Probes targeting human GLO2 mRNA were designed using Stellaris® Probe Designer version 4.2 (https://www.biosearchtech.com/support/tools/design-software/stellaris-probe-designer). Probes modified with Cy3 at the 3′ terminus were synthesized by Sangon. Co. Ltd. Then, RNA FISH simultaneous IF was performed according to the protocol for simultaneous IF + Stellaris RNA FISH in adherent cells (LGC, Biosearch Technologies). Briefly, human 293 T cells cultured on poly-l-lysine coated cover slips were fixed with 4% formaldehyde for 10 min, followed by permeabilization with buffers included in the kit. Then cells were resuspended in 1 mL of 70% ethanol for 1 h at 4 °C. After washing, 100 μL of the Hybridization Buffer (SMF-HB1-10, LGC, Biosearch Technologies) containing probe plus (125 nM) and 5 μL of anti-TTP antibody (12737-1-AP, Proteintech) was added onto the parafilm, then incubated in the dark at 37 °C for 12 h. After washing, 1:500 of Alexa Fluor 647 anti-rabbit secondary antibody (Invitrogen, A-21245) was added and incubated in the dark at 37 °C for 30 min followed by staining of nuclei with DAPI (Invitrogen). After washing, the cover slips were mounted with ProLong™ Glass Antifade Mountant (Invitrogen). Images were obtained using a Leica TCS SP8 confocal microscope equipped with a ×63/1.40NA objective. Images were analyzed using the LAS X software version 2.1.2.15022 and Coloc2 from ImageJ (Fiji) 2.14.0 software.

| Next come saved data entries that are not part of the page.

text \<open>All pendant images lie in S, the set of vertices of minimal inner_count; counting the
  vertices of G - u over H, together with card VH dvd card VG, shows that S is a singleton.\<close>
lemma pendant_images_eq:
  assumes e: "e \<in> P" and e': "e' \<in> P"
  shows "fV (Inr e) = fV (Inr e')"
proof -
  define l where "l = inner_count (fV (Inr e))"
  define S where "S = {w\<in>VH. inner_count w = l}"
  have a: "fV (Inr e) \<in> S"
    using pendant_end_in_ends ends_EH fE_in pendantD e unfolding S_def l_def by blast
  obtain b where b: "b \<in> endsH (fE e)" "b \<noteq> fV (Inr e)" using other_end_exists e .
  then have "b \<in> VH - S"
    using inner_count_other_end[OF e b] ends_EH fE_in pendantD e unfolding S_def l_def by auto
  have "S \<subseteq> VH" unfolding S_def by auto
  have "card {w\<in>VH. fV (Inl v) = w} = 1" if "v \<in> VG - {u}" for v
  proof -
    have "{w\<in>VH. fV (Inl v) = w} = {fV (Inl v)}" using that Inl_in_Vu fV_in by auto
    then show ?thesis by simp
  qed
  then have "card (VG - {u}) = (\<Sum>w\<in>VH. inner_count w)"
    using sum_multicount[OF finite_VH, of "VG - {u}" "\<lambda>w v. fV (Inl v) = w" 1] finite_VG by simp
  also have "\<dots> = (\<Sum>w\<in>VH. l + (if w \<in> S then 0 else 1))"
    using inner_count_bounds e unfolding S_def l_def by (intro sum.cong) fastforce+
  also have "\<dots> = l * card VH + card (VH - S)"
    using finite_VH \<open>S \<subseteq> VH\<close> by (simp add: sum.distrib sum.If_cases Diff_eq Int_commute)
  finally have count: "card (VG - {u}) = l * card VH + card (VH - S)" .
  obtain m where "card VG = m * card VH" using card_dvd by (metis dvdE mult.commute)
  moreover have "card VG = card (VG - {u}) + 1" using card_Suc_Diff1[OF finite_VG u] by simp
  moreover have "card (VH - S) < card VH"
    using a \<open>S \<subseteq> VH\<close> finite_VH by (intro psubset_card_mono) auto
  ultimately have "card (VH - S) + 1 = card VH"
    using count by (intro remainder_eq_pred_if_mult_eq[of m _ l]) simp_all
  then have "card S = 1"
    using card_Diff_subset[OF finite_subset[OF \<open>S \<subseteq> VH\<close> finite_VH] \<open>S \<subseteq> VH\<close>]
      card_mono[OF finite_VH \<open>S \<subseteq> VH\<close>] by linarith
  moreover have "fV (Inr e') \<in> S"
    using inner_count_pendants_eq[OF e' e] pendant_end_in_ends ends_EH fE_in pendantD e'
    unfolding S_def l_def by blast
  ultimately show ?thesis using a by (metis card_1_singletonE singletonD)
qed

end

theorem mainTheorem6:
  fixes k :: nat
    and VH :: "'w set" and EH :: "'f set" and endsH :: "'f \<Rightarrow> 'w set"
    and VG :: "'v set" and EG :: "'e set" and endsG :: "'e \<Rightarrow> 'v set" and u :: 'v
  assumes "k \<ge> 1"
    and "multigraph VH EH endsH" "connected_graph VH EH endsH"
    and "regular k VH EH endsH" "edge_colorable k EH endsH"
    and "simple_graph VG EG endsG" "connected_graph VG EG endsG" "regular k VG EG endsG"
    and "u \<in> VG"
    and "\<forall>x\<in>VH. \<forall>\<sigma>. bij_betw \<sigma> (inc_edges EG endsG u) (inc_edges EH endsH x) \<longrightarrow>
           (\<exists>fV fE. covering_projection VG EG endsG VH EH endsH fV fE \<and> fV u = x \<and>
              (\<forall>e\<in>inc_edges EG endsG u. fE e = \<sigma> e))"
  shows "(\<forall>x\<in>VH. \<forall>\<sigma>. bij_betw \<sigma> (inc_edges EG endsG u) (inc_edges EH endsH x) \<longrightarrow>
           (\<exists>fV fE. partial_covering_projection (split_V VG EG endsG u) EG (split_ends endsG u)
                       VH EH endsH fV fE \<and>
              (\<forall>e\<in>inc_edges EG endsG u. fE e = \<sigma> e \<and> fV (Inr e) = x)))
       \<and> (\<forall>fV fE. partial_covering_projection (split_V VG EG endsG u) EG (split_ends endsG u)
                       VH EH endsH fV fE \<longrightarrow>
            (\<forall>e1\<in>inc_edges EG endsG u. \<forall>e2\<in>inc_edges EG endsG u. fV (Inr e1) = fV (Inr e2)))
       \<and> (\<forall>fV fE. partial_covering_projection (split_V VG EG endsG u) EG (split_ends endsG u)
                       VH EH endsH fV fE \<longrightarrow>
            inj_on fE (inc_edges EG endsG u) \<and>
            (\<forall>e\<in>inc_edges EG endsG u. fV (Inr e) \<in> endsH (fE e)))"
proof -
  note k = assms(1) and H = assms(2-4) and G = assms(8,9) and lift = assms(10)
  have mgG: "multigraph VG EG endsG" using assms(6) unfolding simple_graph_def by simp
  have "card (inc_edges EG endsG u) = k" using G unfolding regular_def by simp
  then have pendants: "inc_edges EG endsG u \<noteq> {}" using k by auto
  obtain c where colouring: "\<forall>h\<in>EH. c h < k"
    "\<forall>h1\<in>EH. \<forall>h2\<in>EH. h1 \<noteq> h2 \<and> endsH h1 \<inter> endsH h2 \<noteq> {} \<longrightarrow> c h1 \<noteq> c h2"
    using assms(5) unfolding edge_colorable_def by blast
  have part_a: "\<exists>fV fE. partial_covering_projection (split_V VG EG endsG u) EG (split_ends endsG u)
                 VH EH endsH fV fE \<and> (\<forall>e\<in>inc_edges EG endsG u. fE e = \<sigma> e \<and> fV (Inr e) = x)"
    if "x \<in> VH" "bij_betw \<sigma> (inc_edges EG endsG u) (inc_edges EH endsH x)" for x \<sigma>
    using lift that partial_covering_projection_split[OF H(2,1) mgG G(2) pendants] by force
  have "split_partial_cover k VH EH endsH c VG EG endsG u fV fE"
    if pcov: "partial_covering_projection (split_V VG EG endsG u) EG (split_ends endsG u)
                VH EH endsH fV fE" for fV fE
  proof -
    have "VH \<noteq> {}"
      using pcov pendants unfolding partial_covering_projection_def split_V_def by blast
    then have "card VH dvd card VG" using card_dvd_card_if_lifts[OF H mgG G] lift by blast
    then show ?thesis using k H colouring mgG G pcov by unfold_locales
  qed
  then show ?thesis
    using part_a split_partial_cover.pendant_images_eq split_partial_cover.inj_on_pendant_edges
      split_partial_cover.pendant_end_in_ends by metis
qed

end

ChIRP by MS and immunoblotting assay

Probes targeting human and mouse GLO2 mRNA were designed using ChIRP® Probe Designer version 4.2 (https://www.biosearchtech.com/support/tools/design-software/chirp-probe-designer). Probes modified with biotin-TEG at the 3′ terminus were synthesized by Sangon. co. Ltd. Human THP-1-induced macrophage or mouse PM Cells were stimulated by VSV for 9 h (MOI = 1). 4 × 108 cells were fixed with 4% formaldehyde for 30 min, then cells were lysed and sonicated with 6 mL lysis buffer (50 mM Tris-HCl, pH 7.0, 10 mM EDTA, 2% SDS, 1 mM PMSF, RRI (Takara) 1:50) followed by centrifugation to get clear cell lysates. Cell lysates were mixed with 4 mL of lysis buffer and 10 mL of hybridization buffer (50 mM Tris-HCl, pH 7.0, 750 mM NaCl, 1% SDS, 1 mM EDTA, 15% formamide, 1 mM PMSF, RRI 1:40). After pretreatment with RNase or not, cell lysates were incubated with probes (33 nM) respectively at 37 °C for 12 h followed by adding Dynabeads MyOne Streptavidin C1 (Thermo Fisher Scientific) and incubating for 1 h at 37 °C. After five washes with buffer (2× SSC, 0.5% SDS, PMSF 1:100), beads were divided into two parts. One part (1/10 beads) was digested with proteinase K (100 μg/mL, Thermo Fisher Scientific) and subjected to RNA purification using a TRIzol reagent. The other part (9/10 beads) was treated with RNase A (100 μg/mL) at 37 °C for 30 min and then boiled with protein loading buffer for LC–MS/MS and immunoblotting analysis.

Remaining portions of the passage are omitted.